В голове роилось множество обрывочных фраз, слов, междометий… Все на разных языках и наречиях, все едва знакомые, непонятные и неродные. Выбрал английский, его я вроде бы знал лучше всего.
Малика удрученно поцокала языком. Было непонятно, она сочувствует моему положению или не можете перевести, что я сказал. Хорошо, хоть не решила, что меня так зовут: «No name».
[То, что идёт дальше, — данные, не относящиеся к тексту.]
lemma yS_keeps:
  assumes "1 \<le> N" "1 / 2 \<le> \<beta>" "\<beta> \<le> 1" "(1 - \<beta>) * a \<le> 1 / (4 * real N)" "a + 1 \<le> ps 0"
    and "1 / (4 * real N) \<le> x" "p \<le> a"
  shows "1 / (4 * real N) \<le> yS \<beta> N ps x p"
proof -
  have "1 \<le> pos (ps 0 - p)"
    using assms(5,7) by (simp add: pos_def)
  also have "\<dots> \<le> (\<Sum>i<N. pos (ps i - p))"
    using assms(1) by (intro member_le_sum) (auto simp: pos_def)
  finally have "1 / 2 * (1 / N) \<le> \<beta> * (1 / N * (\<Sum>i<N. pos (ps i - p)))"
    using assms(2) by (intro mult_mono) (auto simp: divide_right_mono)
  moreover have "(1 - \<beta>) * p \<le> 1 / (4 * real N)"
  proof (cases "0 \<le> p")
    case True
    then have "(1 - \<beta>) * p \<le> (1 - \<beta>) * a"
      using assms(3,7) by (intro mult_left_mono) auto
    then show ?thesis
      using assms(4) by linarith
  next
    case False
    then have "(1 - \<beta>) * p \<le> 0"
      using assms(3) by (intro mult_nonneg_nonpos) auto
    moreover have "0 \<le> 1 / (4 * real N)"
      by simp
    ultimately show ?thesis
      by linarith
  qed
  ultimately have "1 / (4 * real N) \<le> \<beta> * (1 / N * (\<Sum>i<N. pos (ps i - p))) - (1 - \<beta>) * p"
    by simp
  then show ?thesis
    using assms(6) by (simp add: yS_def proj_def)
qed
Женщина поднялась и скрылась в дальнем, темном углу пещеры. Мне было невидно, что она там делает, но через пару минут непродолжительного шуршания, Малика вышла оттуда с аккуратной стопкой одежды цвета хаки, светлого летнего хаки.
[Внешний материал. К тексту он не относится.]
(* For all real $y\ge2$ and all $n\ge1$, $|P_n(y)|\le 3\cdot n!\,y^n$; moreover $|P_0(y)|\le y$ for $y\ge2$.
   Context: The polynomials $P_n(y)$ are defined by $P_0(y)=y-1$ and, for $n\ge1$, $P_n=nP_{n-1}-P'_{n-1}+\frac{1}{n}\sum_{k=1}^{n-1}k\{(k-1)P_{k-1}-P_k-P'_{k-1}\}P_{n-k-1}$, primes denoting derivatives in $y$ (equivalently, $1+\sum_{n\ge1}P_{n-1}(y)x^{-n}$ is the unique formal solution of $V=1+\frac{y}{x}-\frac{1}{x}V-V_x-\frac{1}{x}V_y+\frac{1}{x}\log V$). *)

theory Defs
  imports "HOL-Computational_Algebra.Polynomial"
begin

definition P_step :: "real poly list \<Rightarrow> nat \<Rightarrow> real poly" where
  "P_step ps n =
     smult (of_nat n) (ps ! (n - 1)) - pderiv (ps ! (n - 1))
     + smult (1 / of_nat n)
         (\<Sum>k = 1..n - 1. smult (of_nat k)
             (smult (of_nat (k - 1)) (ps ! (k - 1)) - ps ! k - pderiv (ps ! (k - 1)))
             * ps ! (n - k - 1))"

fun P_list :: "nat \<Rightarrow> real poly list" where
  "P_list 0 = [[:-1, 1:]]"
| "P_list (Suc m) = P_list m @ [P_step (P_list m) (Suc m)]"

definition P :: "nat \<Rightarrow> real poly" where
  "P n = P_list n ! n"

end

theory Submission
  imports Defs
begin

text \<open>For \<open>y \<ge> 0\<close> let \<open>M(p)\<close> be \<open>p\<close> with all coefficients replaced by their absolute values,
  evaluated at \<open>y\<close>. It bounds \<open>\<bar>p(y)\<bar>\<close>, is subadditive and submultiplicative, and
  \<open>y M(p') \<le> deg p \<cdot> M(p)\<close>. Applied to the recursion for \<open>P\<^sub>n\<close> and to its derivative this yields a
  closed system of recursive inequalities for \<open>M(P\<^sub>n)\<close> and \<open>y M(P\<^sub>n')\<close>. We show by induction that
  these are at most \<open>n! y\<^sup>n a\<^sub>n\<close> and \<open>n! y\<^sup>n b\<^sub>n\<close> for a fixed certificate \<open>(a, b)\<close> with
  \<open>a\<^sub>n \<le> 5/2\<close>. With these bounds substituted every term of the recursion has \<open>y\<close>-degree at most
  \<open>n\<close>, so the induction step only has to be checked at \<open>y = 2\<close>: by exact computation for \<open>n < 20\<close>,
  and for larger \<open>n\<close> by the estimate \<open>\<Sum>\<^sub>k k\<cdot>k!(n-1-k)! \<le> 4(n-1)!\<close>, which makes the convolution terms negligible.\<close>

definition majorant :: "real poly \<Rightarrow> real \<Rightarrow> real" where
  "majorant p y = poly (map_poly abs p) y"

lemma coeff_map_poly_abs [simp]: "coeff (map_poly abs p) n = (\<bar>coeff p n\<bar> :: real)"
  by (rule coeff_map_poly) simp

lemma poly_le_poly_if_coeff_le:
  fixes p q :: "real poly"
  assumes "\<And>n. coeff p n \<le> coeff q n" and "y \<ge> 0"
  shows "poly p y \<le> poly q y"
proof -
  have "0 \<le> poly (q - p) y"
    unfolding poly_altdef using assms by (intro sum_nonneg) auto
  then show ?thesis
    by simp
qed

lemma majorant_nonneg: "y \<ge> 0 \<Longrightarrow> majorant p y \<ge> 0"
  unfolding majorant_def poly_altdef by (intro sum_nonneg) auto

lemma abs_poly_le_majorant:
  assumes "y \<ge> 0"
  shows "\<bar>poly p y\<bar> \<le> majorant p y"
proof -
  have "\<bar>poly p y\<bar> \<le> (\<Sum>i\<le>degree p. \<bar>coeff p i * y ^ i\<bar>)"
    unfolding poly_altdef by (rule sum_abs)
  also have "\<dots> = majorant p y"
    using assms by (simp add: majorant_def poly_altdef degree_map_poly abs_mult)
  finally show ?thesis .
qed

lemma majorant_0 [simp]: "majorant 0 y = 0"
  by (simp add: majorant_def)

lemma majorant_pCons: "majorant (pCons a p) y = \<bar>a\<bar> + y * majorant p y"
proof -
  have "map_poly abs (pCons a p) = pCons \<bar>a\<bar> (map_poly abs p)"
    by (rule poly_eqI) (simp add: coeff_pCons split: nat.split)
  then show ?thesis
    by (simp add: majorant_def)
qed

lemma majorant_uminus [simp]: "majorant (- p) y = majorant p y"
  unfolding majorant_def by (rule arg_cong[of _ _ "\<lambda>q. poly q y"]) (rule poly_eqI, simp)

lemma majorant_smult [simp]: "majorant (smult c p) y = \<bar>c\<bar> * majorant p y"
proof -
  have "map_poly abs (smult c p) = smult \<bar>c\<bar> (map_poly abs p)"
    by (rule poly_eqI) (simp add: abs_mult)
  then show ?thesis
    by (simp add: majorant_def)
qed

lemma majorant_add: "y \<ge> 0 \<Longrightarrow> majorant (p + q) y \<le> majorant p y + majorant q y"
  unfolding majorant_def poly_add[symmetric]
  by (rule poly_le_poly_if_coeff_le) (auto simp: abs_triangle_ineq)

lemma majorant_diff: "y \<ge> 0 \<Longrightarrow> majorant (p - q) y \<le> majorant p y + majorant q y"
  using majorant_add[of y p "- q"] by simp

lemma majorant_sum:
  assumes "y \<ge> 0"
  shows "majorant (\<Sum>k\<in>S. f k) y \<le> (\<Sum>k\<in>S. majorant (f k) y)"
proof (induction S rule: infinite_finite_induct)
  case (insert x S)
  then show ?case
    using majorant_add[OF assms, of "f x" "sum f S"] by simp
qed simp_all

lemma majorant_mult:
  assumes "y \<ge> 0"
  shows "majorant (p * q) y \<le> majorant p y * majorant q y"
proof -
  have "coeff (map_poly abs (p * q)) n \<le> coeff (map_poly abs p * map_poly abs q) n" for n
  proof -
    have "\<bar>coeff (p * q) n\<bar> \<le> (\<Sum>i\<le>n. \<bar>coeff p i * coeff q (n - i)\<bar>)"
      unfolding coeff_mult by (rule sum_abs)
    then show ?thesis
      by (simp add: coeff_mult abs_mult)
  qed
  then show ?thesis
    unfolding majorant_def poly_mult[symmetric] using assms by (rule poly_le_poly_if_coeff_le)
qed

text \<open>Multiplying by \<open>y\<close> and differentiating multiplies the \<open>i\<close>-th coefficient by \<open>i \<le> degree p\<close>.\<close>
lemma majorant_pderiv:
  assumes "y \<ge> 0"
  shows "y * majorant (pderiv p) y \<le> real (degree p) * majorant p y"
proof -
  have "coeff (pCons 0 (map_poly abs (pderiv p))) n \<le> coeff (smult (real (degree p)) (map_poly abs p)) n"
    for n
  proof (cases n)
    case (Suc m)
    then show ?thesis
      by (cases "n \<le> degree p")
         (auto simp: coeff_pderiv abs_mult coeff_eq_0 intro!: mult_right_mono)
  qed simp
  then have "poly (pCons 0 (map_poly abs (pderiv p))) y
      \<le> poly (smult (real (degree p)) (map_poly abs p)) y"
    using assms by (rule poly_le_poly_if_coeff_le)
  then show ?thesis
    by (simp add: majorant_def)
qed

lemma majorant_pderiv_mult:
  assumes "y \<ge> 0"
  shows "y * majorant (pderiv (p * q)) y
    \<le> y * majorant (pderiv p) y * majorant q y + majorant p y * (y * majorant (pderiv q) y)"
proof -
  have "majorant (pderiv (p * q)) y \<le> majorant p y * majorant (pderiv q) y + majorant q y * majorant (pderiv p) y"
    unfolding pderiv_mult using assms
    by (intro order.trans[OF majorant_add] add_mono majorant_mult)
  then show ?thesis
    using assms by (auto simp: algebra_simps dest: mult_left_mono[of _ _ y])
qed

lemma length_P_list [simp]: "length (P_list n) = Suc n"
  by (induction n) auto

lemma nth_P_list: "j \<le> n \<Longrightarrow> P_list n ! j = P j"
proof (induction n)
  case (Suc n)
  then show ?case
    by (cases "j \<le> n") (auto simp: nth_append P_def le_Suc_eq)
qed (simp add: P_def)

lemma P_0: "P 0 = [:-1, 1:]"
  by (simp add: P_def)

definition Q :: "nat \<Rightarrow> real poly" where
  "Q k = smult (of_nat (k - 1)) (P (k - 1)) - P k - pderiv (P (k - 1))"

lemma P_rec:
  assumes "n \<ge> 1"
  shows "P n = smult (of_nat n) (P (n - 1)) - pderiv (P (n - 1))
    + smult (1 / of_nat n) (\<Sum>k = 1..n - 1. smult (of_nat k) (Q k) * P (n - k - 1))"
proof -
  obtain m where m: "n = Suc m"
    using assms by (cases n) auto
  have "P n = P_step (P_list m) n"
    by (simp add: P_def m nth_append)
  then show ?thesis
    unfolding P_step_def Q_def m
    by (auto simp: nth_P_list intro!: arg_cong2[where f = "(+)"] arg_cong2[where f = smult] sum.cong)
qed

lemma degree_P: "degree (P n) \<le> max n 1"
proof (induction n rule: less_induct)
  case (less n)
  show ?case
  proof (cases "n = 0")
    case False
    have deg_le: "degree (P j) \<le> k" if "j < n" "j \<le> k" "1 \<le> k" for j k
      using less[OF \<open>j < n\<close>] that by simp
    have "degree (smult (of_nat k) (Q k) * P (n - k - 1)) \<le> n" if "k \<in> {1..n - 1}" for k
    proof -
      have "degree (P (k - 1)) \<le> k" "degree (P k) \<le> k"
        using that deg_le[of "k - 1" k] deg_le[of k k] by auto
      then have "degree (Q k) \<le> k" unfolding Q_def
        by (intro degree_diff_le order.trans[OF degree_smult_le]) (auto simp: degree_pderiv le_diff_conv)
      moreover have "degree (P (n - k - 1)) \<le> n - k"
        using that deg_le[of "n - k - 1" "n - k"] by auto
      ultimately show ?thesis
        using that by (intro order.trans[OF degree_mult_le] order.trans[OF add_mono[OF degree_smult_le]])
          auto
    qed
    moreover have "n \<ge> 1"
      using False by simp
    ultimately have "degree (P n) \<le> n"
      unfolding P_rec[OF \<open>n \<ge> 1\<close>] using deg_le[of "n - 1" n]
      by (intro degree_add_le degree_diff_le order.trans[OF degree_smult_le] degree_sum_le)
         (auto simp: degree_pderiv)
    then show ?thesis
      by simp
  qed (simp add: P_0)
qed

definition maj :: "real \<Rightarrow> nat \<Rightarrow> real" where
  "maj y j = majorant (P j) y"

definition dmaj :: "real \<Rightarrow> nat \<Rightarrow> real" where
  "dmaj y j = y * majorant (pderiv (P j)) y"

lemma maj_nonneg: "y \<ge> 0 \<Longrightarrow> maj y j \<ge> 0"
  by (simp add: maj_def majorant_nonneg)

lemma dmaj_nonneg: "y \<ge> 0 \<Longrightarrow> dmaj y j \<ge> 0"
  by (simp add: dmaj_def majorant_nonneg)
Это была моя форма, постиранная и выглаженная, как будто тут где-то завалялась гладильная доска и стиральная машинка.
Женщина махнула формой в мою сторону, мол, твоя, и добавила:
– Исраиль.
Видя, что мне это несильно помогло, она похлопала себя по плечам и груди, и красноречиво покачала головой. Ни нашивок, ни погон на форме не было.
Кажется, последняя ниточка к моему прошлому только что оборвалась. Что я, черт возьми, делал один, в пустыне, в форме ЦАХАЛа без опознавательных знаков? Ну хоть с местом определились, это точно Большой Ближний. Решив удостовериться в догадке, я обвел пальцем пещеру и спросил:
– Исраиль?
– Ла. Сурийя.
В ответ я смог только выдохнуть нечленораздельный стон. Это, как меня угораздило очнуться в самом опасном месте земного шара? Если сюда доберутся какие-нибудь террористы или другие ребята с автоматами – мы даже мяукнуть не успеем, отрежут голову, выпустят кишки ради смеха, и уже не надо будет ничего вспоминать.
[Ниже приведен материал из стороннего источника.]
lemma ring_schedule_exists:
  assumes fin: "finite (ring_times_upto (indexed_rings E q) u)"
  shows "\<exists>ix. ring_schedule E q u ix
           (map (ringing_edges (indexed_rings E q)) (sorted_list_of_set (ring_times_upto (indexed_rings E q) u)))"
proof -
  define ts where "ts = sorted_list_of_set (ring_times_upto (indexed_rings E q) u)"
  have set_ts: "set ts = ring_times_upto (indexed_rings E q) u" and "sorted_wrt (<) ts"
    using fin by (simp_all add: ts_def)
  have "\<exists>i. i \<in> E \<times> UNIV \<and> q i = s" if "s \<in> set ts" for s
    using that by (auto simp: set_ts mem_ring_times_upto_indexed_rings)
  then obtain idx where idx: "\<And>s. s \<in> set ts \<Longrightarrow> idx s \<in> E \<times> UNIV \<and> q (idx s) = s" by metis
  define ix where "ix = map idx ts"
  have q_ix: "q (ix ! j) = ts ! j" if "j < length ix" for j
    using that idx by (simp add: ix_def)
  have "ring_schedule E q u ix (map (ringing_edges (indexed_rings E q)) ts)"
    unfolding ring_schedule_def
  proof (intro conjI allI impI ballI)
    show "set ix \<subseteq> E \<times> UNIV" unfolding ix_def set_map using idx by blast
    show "length (map (ringing_edges (indexed_rings E q)) ts) = length ix" by (simp add: ix_def)
    fix j assume j: "j < length ix"
    then have "ts ! j \<in> ring_times_upto (indexed_rings E q) u" by (simp add: ix_def flip: set_ts)
    then show "0 \<le> q (ix ! j)" "q (ix ! j) \<le> u"
      using q_ix[OF j] by (auto simp: ring_times_upto_def)
    show "q (ix ! j) < q (ix ! k)" if "k < length ix" "j < k" for k
      using that j q_ix \<open>sorted_wrt (<) ts\<close> by (simp add: sorted_wrt_iff_nth_less ix_def)
    show "e \<in> map (ringing_edges (indexed_rings E q)) ts ! j \<longleftrightarrow> e \<in> E \<and> (\<exists>k. q (e, k) = q (ix ! j))" for e
      using j q_ix[OF j] by (cases e) (simp add: ix_def ringing_edges_def mem_indexed_rings)
  next
    fix e k assume "e \<in> E" "0 \<le> q (e, k) \<and> q (e, k) \<le> u"
    then have "q (e, k) \<in> set ts" by (auto simp: set_ts mem_ring_times_upto_indexed_rings)
    then show "\<exists>j<length ix. q (ix ! j) = q (e, k)"
      using q_ix by (metis in_set_conv_nth ix_def length_map)
  qed
  then show ?thesis by (auto simp: ts_def)
qed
Малика, пытаясь мне помочь, продолжила свою пантомиму. Теперь она указала пальцем на потолок, а потом покачала вытянутой рукой, как крылом.
Мой самолет разбился? Это вряд ли, были бы травмы. Или я летчик, который катапультировался? Но у них форма другая. Специальные костюмы.
– Русия. Спик русия. Исраиль русия, – сбивчиво, мешая арабские и английские слова, сказала Малика.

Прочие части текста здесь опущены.